- Born: Kenya
- Citizenship: Kenyan
- Education: Catholic University of Eastern Africa (Bachelor of Laws) Kenya School of Law (Advocates Training Program) University of Turin Department of Law (Master of Laws)
- Occupations: Lawyer, corporate executive
- Years active: 2011–present
- Title: Intellectual property & entertainment attorney

= Elizabeth Lenjo =

Kenyan lawyer

Elizabeth Lenjo is a Kenyan lawyer and the chair of the Kenya Copyright Tribunal. She also sits on the board of Kenya's Nuclear Power and Energy Agency.

==Background and education==
Lenjo was born in Kenya, June 19, 1986. After attending local primary and secondary schools, she was admitted to the Catholic University of Eastern Africa, graduating in 2009 with a Bachelor of Laws degree. After attending the Advocates Training Program at the Kenya School of Law, she was admitted to the Kenyan bar.

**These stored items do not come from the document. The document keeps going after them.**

(* Let $d_2>0$, $y_\star>0$, $K_P\ge 0$, $K_I>0$ and $u_0\in\mathbb{R}$. Consider the system on $\mathbb{R}^3$ with state $\chi=(\chi_1,\chi_2,\chi_3)=(x_1,x_2,x_c)$ given by $$\dot x_1 = 1 - x_2 u,\qquad \dot x_2 = -d_2 x_2 + x_1 u,\qquad \dot x_c = y_\star - x_2,\qquad u = u_0 + K_I x_c + K_P (y_\star - x_2),$$ i.e. $$\dot\chi=\begin{pmatrix}1-u_0\chi_2-K_I\chi_2\chi_3-K_P\chi_2 y_\star+K_P\chi_2^2\\ -d_2\chi_2+u_0\chi_1+K_I\chi_1\chi_3+K_P\chi_1 y_\star-K_P\chi_1\chi_2\\ -\chi_2+y_\star\end{pmatrix}.$$ Then this closed-loop system has a unique equilibrium point, and this equilibrium is unstable (in the sense of Lyapunov) for all values of $d_2>0$, $y_\star>0$, $K_P\ge 0$, $K_I>0$, $u_0\in\mathbb{R}$.
   Context: This is the (time- and state-scaled) averaged model of a DC-DC Boost converter with no inductor resistance: $x_1$ is the scaled inductor current, $x_2$ the scaled capacitor (output) voltage, $u$ the duty cycle, $d_2>0$ the scaled load conductance, and the scaled source voltage is $1$. The controller is a PI controller acting on the voltage error $y_\star-x_2$, where $y_\star>0$ is the desired output voltage, $x_c$ is the integrator state, $K_P,K_I$ are the PI gains and $u_0$ is a designer-chosen constant. *)

theory Defs
  imports "HOL-Analysis.Analysis"
begin

definition boost_pi_field ::
  "real \<Rightarrow> real \<Rightarrow> real \<Rightarrow> real \<Rightarrow> real \<Rightarrow> real^3 \<Rightarrow> real^3" where
  "boost_pi_field d2 ystar KP KI u0 chi =
     vector [1 - u0 * chi$2 - KI * chi$2 * chi$3 - KP * chi$2 * ystar + KP * (chi$2)^2,
             - d2 * chi$2 + u0 * chi$1 + KI * chi$1 * chi$3 + KP * chi$1 * ystar - KP * chi$1 * chi$2,
             - chi$2 + ystar]"

definition equilibrium :: "('a::real_normed_vector \<Rightarrow> 'a) \<Rightarrow> 'a \<Rightarrow> bool" where
  "equilibrium f p \<longleftrightarrow> f p = 0"

definition ode_solution_on ::
  "('a::real_normed_vector \<Rightarrow> 'a) \<Rightarrow> real \<Rightarrow> (real \<Rightarrow> 'a) \<Rightarrow> bool" where
  "ode_solution_on f T x \<longleftrightarrow>
     (\<forall>t\<in>{0..T}. (x has_vector_derivative f (x t)) (at t within {0..T}))"

definition lyapunov_stable :: "('a::real_normed_vector \<Rightarrow> 'a) \<Rightarrow> 'a \<Rightarrow> bool" where
  "lyapunov_stable f p \<longleftrightarrow>
     (\<forall>\<epsilon>>0. \<exists>\<delta>>0. \<forall>x T. 0 \<le> T \<and> ode_solution_on f T x \<and> dist (x 0) p < \<delta> \<longrightarrow>
        (\<forall>t\<in>{0..T}. dist (x t) p < \<epsilon>))"

end

(* Solving f p = 0 gives the equilibrium p = (d2 ystar^2, ystar, (1/ystar - u0)/KI). Around p the
   field is a linear field J plus the quadratic term (u - u(p)) (-y2, y1, 0). The characteristic
   polynomial of J takes the value -KI < 0 at 0, so J has an eigenvalue mu > 0. A left eigenvector
   gives a coordinate a with a' = mu a to first order, and two further coordinates eta, zeta in
   which the remaining linear dynamics is eta' = -(E + mu) eta - (KI/mu) zeta, zeta' = eta, with
   E = d2 (1 + ystar^2 KP) > 0; hence q = eta^2 + (KI/mu) zeta^2 does not increase to first order.
   For K large the Chetaev function V = a - K q satisfies V' >= (mu/2) V on {V > 0} near p. As V is
   bounded near p but positive at points arbitrarily close to p, the solutions starting at these
   points leave a fixed ball around p. They exist because the field composed with the retraction
   onto a closed ball is globally Lipschitz. *)

theory Submission
  imports Defs
begin
(* Let $1\le p,q<\infty$, let $\nu$ be a modulus of variation, $\phi$ an Orlicz function, and $\Lambda=\{\lambda_j\}$ a $\Lambda$-sequence. Then (all classes of functions on $[0,1]$, inclusion meaning every function of the first class belongs to the second): (i) $BV_q\subseteq V_p[\nu]$ iff $\limsup_{n\to\infty}\frac1{\nu(n)}\max_{1\le k\le n}k^{1/p-1/q}<\infty$; (ii) $V_\phi\subseteq V_p[\nu]$ iff $\limsup_{n\to\infty}\frac1{\nu(n)}\max_{1\le k\le n}k^{1/p}\phi^{-1}(1/k)<\infty$; (iii) $\Lambda\mathrm{BV}\subseteq V_p[\nu]$ iff $\limsup_{n\to\infty}\frac1{\nu(n)}\max_{1\le k\le n}\frac{k^{1/p}}{\sum_{j=1}^k1/\lambda_j}<\infty$; (iv) $\Lambda\mathrm{BV}^{(q)}\subseteq V_p[\nu]$ iff $\limsup_{n\to\infty}\frac1{\nu(n)}\max_{1\le k\le n}k^{1/p}\big(\sum_{j=1}^k1/\lambda_j\big)^{-1/q}<\infty$; (v) $\phi\Lambda\mathrm{BV}\subseteq V_p[\nu]$ iff $\limsup_{n\to\infty}\frac1{\nu(n)}\max_{1\le k\le n}k^{1/p}\phi^{-1}\Big(\big(\sum_{j=1}^k1/\lambda_j\big)^{-1}\Big)<\infty$.
   Context: A modulus of variation is a nondecreasing concave sequence of positive numbers. An Orlicz function is a continuous convex $\phi$ on $[0,\infty)$ with $\phi(x)>0$ for $x>0$, $\phi(x)/x\to0$ as $x\to0^+$ and $\phi(x)/x\to\infty$ as $x\to\infty$. A $\Lambda$-sequence is a nondecreasing sequence of positive numbers with $\sum_j1/\lambda_j=\infty$. For $f$ on $[0,1]$ and nonoverlapping subintervals $I_j$, $f(I)=f(\sup I)-f(\inf I)$. Given a sequence $\{\phi_j\}$ of increasing convex functions with $\phi_j(0)=0$, a function $f$ belongs to the class defined by $\{\phi_j\}$ if $\sup\sum_j\phi_j(|cf(I_j)|)<\infty$ for some $c>0$, the sup over all finite collections of nonoverlapping subintervals of $[0,1]$. $V_\phi$ is this class with $\phi_j=\phi$; $BV_q$ with $\phi_j(x)=x^q$; $\phi\Lambda\mathrm{BV}$ with $\phi_j=\phi/\lambda_j$; $\Lambda\mathrm{BV}^{(q)}$ with $\phi_j(x)=x^q/\lambda_j$; $\Lambda\mathrm{BV}=\Lambda\mathrm{BV}^{(1)}$. $\upsilon_p(n,f)=\sup(\sum_{j=1}^n|f(I_j)|^p)^{1/p}$ over $n$ nonoverlapping subintervals, and $V_p[\nu]$ is the set of bounded $f$ with $\sup_n\upsilon_p(n,f)/\nu(n)<\infty$. *)

theory Defs
  imports "HOL-Analysis.Analysis"
begin

text \<open>All sequences are indexed from 1 (values at index 0 are irrelevant).\<close>

definition modulus_of_variation :: "(nat \<Rightarrow> real) \<Rightarrow> bool" where
  "modulus_of_variation \<nu> \<longleftrightarrow>
     (\<forall>n\<ge>1. 0 < \<nu> n) \<and> (\<forall>n\<ge>1. \<nu> n \<le> \<nu> (Suc n)) \<and>
     (\<forall>n\<ge>1. \<nu> (Suc (Suc n)) - \<nu> (Suc n) \<le> \<nu> (Suc n) - \<nu> n)"

definition orlicz_function :: "(real \<Rightarrow> real) \<Rightarrow> bool" where
  "orlicz_function \<phi> \<longleftrightarrow>
     continuous_on {0..} \<phi> \<and> convex_on {0..} \<phi> \<and> (\<forall>x>0. \<phi> x > 0) \<and>
     ((\<lambda>x. \<phi> x / x) \<longlongrightarrow> 0) (at_right 0) \<and>
     filterlim (\<lambda>x. \<phi> x / x) at_top at_top"

definition Lambda_sequence :: "(nat \<Rightarrow> real) \<Rightarrow> bool" where
  "Lambda_sequence \<Lambda> \<longleftrightarrow>
     (\<forall>j\<ge>1. 0 < \<Lambda> j) \<and> (\<forall>j\<ge>1. \<Lambda> j \<le> \<Lambda> (Suc j)) \<and>
     \<not> summable (\<lambda>j. 1 / \<Lambda> (Suc j))"

definition orlicz_inv :: "(real \<Rightarrow> real) \<Rightarrow> real \<Rightarrow> real" where
  "orlicz_inv \<phi> y = (THE x. 0 \<le> x \<and> \<phi> x = y)"

definition nonoverlapping :: "nat \<Rightarrow> (nat \<Rightarrow> real) \<Rightarrow> (nat \<Rightarrow> real) \<Rightarrow> bool" where
  "nonoverlapping n a b \<longleftrightarrow>
     (\<forall>j\<in>{1..n}. 0 \<le> a j \<and> a j \<le> b j \<and> b j \<le> 1) \<and>
     (\<forall>i\<in>{1..n}. \<forall>j\<in>{1..n}. i \<noteq> j \<longrightarrow> b i \<le> a j \<or> b j \<le> a i)"

definition phi_class :: "(nat \<Rightarrow> real \<Rightarrow> real) \<Rightarrow> (real \<Rightarrow> real) set" where
  "phi_class \<Phi> = {f. \<exists>c>0. \<exists>M. \<forall>n a b. nonoverlapping n a b \<longrightarrow>
       (\<Sum>j=1..n. \<Phi> j \<bar>c * (f (b j) - f (a j))\<bar>) \<le> M}"

definition BV_q :: "real \<Rightarrow> (real \<Rightarrow> real) set" where
  "BV_q q = phi_class (\<lambda>j x. x powr q)"

definition V_phi :: "(real \<Rightarrow> real) \<Rightarrow> (real \<Rightarrow> real) set" where
  "V_phi \<phi> = phi_class (\<lambda>j. \<phi>)"

definition phiLambdaBV :: "(real \<Rightarrow> real) \<Rightarrow> (nat \<Rightarrow> real) \<Rightarrow> (real \<Rightarrow> real) set" where
  "phiLambdaBV \<phi> \<Lambda> = phi_class (\<lambda>j x. \<phi> x / \<Lambda> j)"

definition LambdaBV_q :: "(nat \<Rightarrow> real) \<Rightarrow> real \<Rightarrow> (real \<Rightarrow> real) set" where
  "LambdaBV_q \<Lambda> q = phi_class (\<lambda>j x. x powr q / \<Lambda> j)"

definition LambdaBV :: "(nat \<Rightarrow> real) \<Rightarrow> (real \<Rightarrow> real) set" where
  "LambdaBV \<Lambda> = LambdaBV_q \<Lambda> 1"

definition Vp_nu :: "real \<Rightarrow> (nat \<Rightarrow> real) \<Rightarrow> (real \<Rightarrow> real) set" where
  "Vp_nu p \<nu> = {f. (\<exists>B. \<forall>x\<in>{0..1}. \<bar>f x\<bar> \<le> B) \<and>
      (\<exists>M. \<forall>n\<ge>1. \<forall>a b. nonoverlapping n a b \<longrightarrow>
          (\<Sum>j=1..n. \<bar>f (b j) - f (a j)\<bar> powr p) powr (1 / p) \<le> M * \<nu> n)}"

end

theory Submission
  imports Defs
begin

In 2016, she was one of the 40 applicants admitted to the Master of Laws degree course at the University of Turin in Italy, specializing in intellectual property law. The course is administered by the University of Turin Department of Law in conjunction with the World Intellectual Property Organization. She graduated in 2017.

She holds certificates in intellectual property law, mediation, arbitration and related subjects from WIPO and Harvard University. She also has a certificate in fashion law, obtained from Fordham University School of Law in New York City.

==Career==
Lenjo is a lawyer, advocate of the High Court of Kenya, and expert in the areas of intellectual property law, media law, and entertainment law. She is a practitioner of arbitration and alternative dispute resolution.

After practicing solo for nearly six years, Lenjo co-founded Kikao Law Firm with legal partner Sarah Ochwada, who specializes in sports and entertainment law. After disbanding Kikao Law, she now heads MyIP, a boutique Law firm.

Lenjo lectured at Strathmore University, teaching media law and ethics at the university's school of law and teaching business law at the university's school of mathematics.

She was appointed to chair the C Kenyaopyright Tribunal by Chief Justice Hon. Martha Koome, She also sits on the board of the Nuclear Power and Energy Agency.

==Family==
Lenjo is married to Al Kags, and they have two children.

==Other considerations==
In September 2018, Business Daily Africa, a Kenyan, English language, daily newspaper, named Lenjo among the "Top 40 Under 40 Women in Kenya in 2018".